text \<open>F_h(Gamma) = (ZGamma + Zh)/ker. The positive inertia index of L/ker L
  equals that of L (the kernel is contained in the radical of the real form),
  so hyperbolicity of F_h(Gamma) is that of the form pol_gram E D.\<close>
definition Fh_hyperbolic :: "('v::finite \<Rightarrow> 'v \<Rightarrow> bool) \<Rightarrow> int \<Rightarrow> bool" where
  "Fh_hyperbolic E D \<longleftrightarrow> hyperbolic_form (pol_gram E D)"

definition intrinsic_pol :: "('v::finite \<Rightarrow> 'v \<Rightarrow> bool) \<Rightarrow> ('v \<Rightarrow> rat) \<Rightarrow> bool" where
  "intrinsic_pol E h \<longleftrightarrow> (\<forall>v. (\<Sum>u\<in>UNIV. h u * of_int (graph_gram E u v)) = 1)"

definition pol_square :: "('v::finite \<Rightarrow> 'v \<Rightarrow> bool) \<Rightarrow> ('v \<Rightarrow> rat) \<Rightarrow> rat" where
  "pol_square E h = (\<Sum>u\<in>UNIV. \<Sum>w\<in>UNIV. h u * h w * of_int (graph_gram E u w))"

end

(* Write the vectors of the real span of Gamma and h as a + c h, so that
   (a + c h)^2 = a^2 + 2 c s(a) + 2 D c^2, where s(a) is the coordinate sum of a.
   If an intrinsic polarization g exists, then s(a) = a.g, and completing the square
   gives (a + c h)^2 = (a + c g)^2 + c^2 (2 D - g^2). For 2 D <= g^2 the linear map
   a + c h |-> a + c g does not decrease the form, so the positive inertia index
   stays 1; for 2 D > g^2 a vector p with p^2 > 0 and h - g span a positive definite
   plane. If no intrinsic polarization exists, the Fredholm alternative over the
   rationals yields a vector k in the kernel of the form with s(k) <> 0, and p
   together with h + t k spans a positive definite plane for suitable t. Finally
   g^2 = s(g) = g.g' = g'^2 for any two intrinsic polarizations g, g'. *)

theory Submission
  imports Defs
begin

definition bform :: "('i::finite \<Rightarrow> 'i \<Rightarrow> int) \<Rightarrow> real^'i \<Rightarrow> real^'i \<Rightarrow> real" where
  "bform G x y = (\<Sum>i\<in>UNIV. \<Sum>j\<in>UNIV. x$i * of_int (G i j) * y$j)"

lemma qform_eq_bform: "qform G x = bform G x x"
  by (simp add: qform_def bform_def)

lemma bform_add_left: "bform G (x + y) z = bform G x z + bform G y z"
  by (simp add: bform_def algebra_simps sum.distrib)

lemma bform_add_right: "bform G z (x + y) = bform G z x + bform G z y"
  by (simp add: bform_def algebra_simps sum.distrib)

lemma bform_scaleR_left: "bform G (c *\<^sub>R x) y = c * bform G x y"
  by (simp add: bform_def sum_distrib_left algebra_simps)

lemma bform_scaleR_right: "bform G x (c *\<^sub>R y) = c * bform G x y"
  by (simp add: bform_def sum_distrib_left algebra_simps)

lemma bform_commute:
  assumes "\<And>i j. G i j = G j i"
  shows "bform G x y = bform G y x"
  unfolding bform_def by (subst sum.swap) (simp add: assms algebra_simps)

lemma qform_0 [simp]: "qform G 0 = 0"
  by (simp add: qform_def)

lemma qform_scaleR: "qform G (c *\<^sub>R x) = c\<^sup>2 * qform G x"
  by (simp add: qform_eq_bform bform_scaleR_left bform_scaleR_right power2_eq_square)

lemma qform_add:
  assumes "\<And>i j. G i j = G j i"
  shows "qform G (x + y) = qform G x + 2 * bform G x y + qform G y"
  using bform_commute[of G x y, OF assms]
  by (simp add: qform_eq_bform bform_add_left bform_add_right)

definition pos_definite_on :: "('i::finite \<Rightarrow> 'i \<Rightarrow> int) \<Rightarrow> (real^'i) set \<Rightarrow> bool" where
  "pos_definite_on G W \<longleftrightarrow> subspace W \<and> (\<forall>x\<in>W. x \<noteq> 0 \<longrightarrow> qform G x > 0)"

lemma finite_pos_definite_dims:
  fixes G :: "'i::finite \<Rightarrow> 'i \<Rightarrow> int"
  shows "finite {dim W | W. subspace W \<and> (\<forall>x\<in>W. x \<noteq> 0 \<longrightarrow> qform G x > 0)}"
proof (rule finite_subset)
  show "{dim W | W. subspace W \<and> (\<forall>x\<in>W. x \<noteq> 0 \<longrightarrow> qform G x > 0)} \<subseteq> {..CARD('i)}"
    using dim_subset_UNIV_cart by auto
qed simp

lemma pos_inertia_ge_dim: "pos_definite_on G W \<Longrightarrow> dim W \<le> pos_inertia G"
  unfolding pos_inertia_def pos_definite_on_def
  by (rule Max_ge[OF finite_pos_definite_dims]) blast

lemma pos_inertia_attained:
  obtains W where "pos_definite_on G W" "dim W = pos_inertia G"
proof -
  have "{0} \<in> {W. subspace W \<and> (\<forall>x\<in>W. x \<noteq> 0 \<longrightarrow> qform G x > 0)}"
    by (simp add: subspace_0)
  then have "{dim W | W. subspace W \<and> (\<forall>x\<in>W. x \<noteq> 0 \<longrightarrow> qform G x > 0)} \<noteq> {}"
    by blast
  from Max_in[OF finite_pos_definite_dims this] show ?thesis
    using that unfolding pos_inertia_def pos_definite_on_def by auto
qed

lemma qform_pos_if_pos_inertia_pos:
  assumes "0 < pos_inertia G"
  obtains p where "0 < qform G p"
proof -
  obtain W where W: "pos_definite_on G W" "dim W = pos_inertia G"
    by (rule pos_inertia_attained)
  have "\<not> W \<subseteq> {0}"
    using W assms dim_subset[of W "{0}"] by auto
  then obtain p where "p \<in> W" "p \<noteq> 0" by auto
  then show ?thesis
    using W that unfolding pos_definite_on_def by auto
qed

lemma pos_inertia_mono:
  fixes G :: "'i::finite \<Rightarrow> 'i \<Rightarrow> int" and H :: "'j::finite \<Rightarrow> 'j \<Rightarrow> int"
    and f :: "real^'i \<Rightarrow> real^'j"
  assumes f: "linear f" and le: "\<And>x. qform G x \<le> qform H (f x)"
  shows "pos_inertia G \<le> pos_inertia H"
proof -
  obtain W where W: "pos_definite_on G W" "dim W = pos_inertia G"
    by (rule pos_inertia_attained)
  then have sW: "subspace W" and pW: "\<And>x. x \<in> W \<Longrightarrow> x \<noteq> 0 \<Longrightarrow> qform G x > 0"
    unfolding pos_definite_on_def by auto
  have fx: "f x \<noteq> 0" if "x \<in> W" "x \<noteq> 0" for x
    using pW[OF that] le[of x] by auto
  have inj: "inj_on f (span W)"
    unfolding span_eq_iff[THEN iffD2, OF sW] linear_inj_on_iff_eq_0[OF f sW]
    using fx by blast
  have "pos_definite_on H (f ` W)"
    unfolding pos_definite_on_def
  proof (intro conjI ballI impI)
    show "subspace (f ` W)" by (rule linear_subspace_image[OF f sW])
  next
    fix y assume "y \<in> f ` W" "y \<noteq> 0"
    then obtain x where "x \<in> W" "y = f x" "x \<noteq> 0"
      using linear_0[OF f] by auto
    then show "qform H y > 0" using pW le[of x] by fastforce
  qed
  then have "dim (f ` W) \<le> pos_inertia H" by (rule pos_inertia_ge_dim)
  then show ?thesis using W dim_image_eq[OF f inj] by simp
qed

lemma two_le_pos_inertia:
  assumes sym: "\<And>i j. G i j = G j i"
    and x: "0 < qform G x" and xy: "(bform G x y)\<^sup>2 < qform G x * qform G y"
  shows "2 \<le> pos_inertia G"
proof -
  have pos: "0 < qform G (s *\<^sub>R x + r *\<^sub>R y)" if "s \<noteq> 0 \<or> r \<noteq> 0" for s r
  proof -
    let ?B = "bform G x y"
    have "qform G x * qform G (s *\<^sub>R x + r *\<^sub>R y)
        = (s * qform G x + r * ?B)\<^sup>2 + r\<^sup>2 * (qform G x * qform G y - ?B\<^sup>2)"
      using bform_commute[of G y x, OF sym]
      by (simp add: qform_add sym qform_scaleR bform_scaleR_left bform_scaleR_right
          power2_eq_square algebra_simps)
    also have "\<dots> > 0"
    proof (cases "r = 0")
      case True
      then show ?thesis using that x by simp
    next
      case False
      then have "0 < r\<^sup>2 * (qform G x * qform G y - ?B\<^sup>2)" using xy by simp
      then show ?thesis by (simp add: add_nonneg_pos)
    qed
    finally show ?thesis using x by (simp add: zero_less_mult_iff)
  qed
  have "pos_definite_on G (span {x, y})"
    unfolding pos_definite_on_def
  proof (intro conjI ballI impI)
    fix z assume "z \<in> span {x, y}" "z \<noteq> 0"
    then obtain s where "z - s *\<^sub>R x \<in> span {y}"
      by (auto simp: span_insert)
    then obtain r where "z - s *\<^sub>R x = r *\<^sub>R y"
      by (auto simp: span_singleton)
    then have z: "z = s *\<^sub>R x + r *\<^sub>R y"
      by (simp add: algebra_simps)
    with \<open>z \<noteq> 0\<close> have "s \<noteq> 0 \<or> r \<noteq> 0" by auto
    from pos[OF this] show "qform G z > 0" unfolding z .
  qed (rule subspace_span)
  moreover have "dim (span {x, y}) = 2"
  proof -
    have "x \<notin> span {y}"
    proof
      assume "x \<in> span {y}"
      then obtain k where "x = k *\<^sub>R y" by (auto simp: span_singleton)
      then show False using pos[of 1 "-k"] by simp
    qed
    moreover have "y \<noteq> 0" using pos[of 0 1] by auto
    ultimately show ?thesis by (simp add: dim_insert)
  qed
  ultimately show ?thesis by (metis pos_inertia_ge_dim)
qed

#### Task requirements
Quote exactly the first line of the entries and every line after it, stopping with the line that contains "gives (a + c".

#### Answer box
text \<open>F_h(Gamma) = (ZGamma + Zh)/ker. The positive inertia index of L/ker L
  equals that of L (the kernel is contained in the radical of the real form),
  so hyperbolicity of F_h(Gamma) is that of the form pol_gram E D.\<close>
definition Fh_hyperbolic :: "('v::finite \<Rightarrow> 'v \<Rightarrow> bool) \<Rightarrow> int \<Rightarrow> bool" where
  "Fh_hyperbolic E D \<longleftrightarrow> hyperbolic_form (pol_gram E D)"

definition intrinsic_pol :: "('v::finite \<Rightarrow> 'v \<Rightarrow> bool) \<Rightarrow> ('v \<Rightarrow> rat) \<Rightarrow> bool" where
  "intrinsic_pol E h \<longleftrightarrow> (\<forall>v. (\<Sum>u\<in>UNIV. h u * of_int (graph_gram E u v)) = 1)"

definition pol_square :: "('v::finite \<Rightarrow> 'v \<Rightarrow> bool) \<Rightarrow> ('v \<Rightarrow> rat) \<Rightarrow> rat" where
  "pol_square E h = (\<Sum>u\<in>UNIV. \<Sum>w\<in>UNIV. h u * h w * of_int (graph_gram E u w))"

end

(* Write the vectors of the real span of Gamma and h as a + c h, so that
   (a + c h)^2 = a^2 + 2 c s(a) + 2 D c^2, where s(a) is the coordinate sum of a.
   If an intrinsic polarization g exists, then s(a) = a.g, and completing the square
   gives (a + c h)^2 = (a + c g)^2 + c^2 (2 D - g^2). For 2 D <= g^2 the linear map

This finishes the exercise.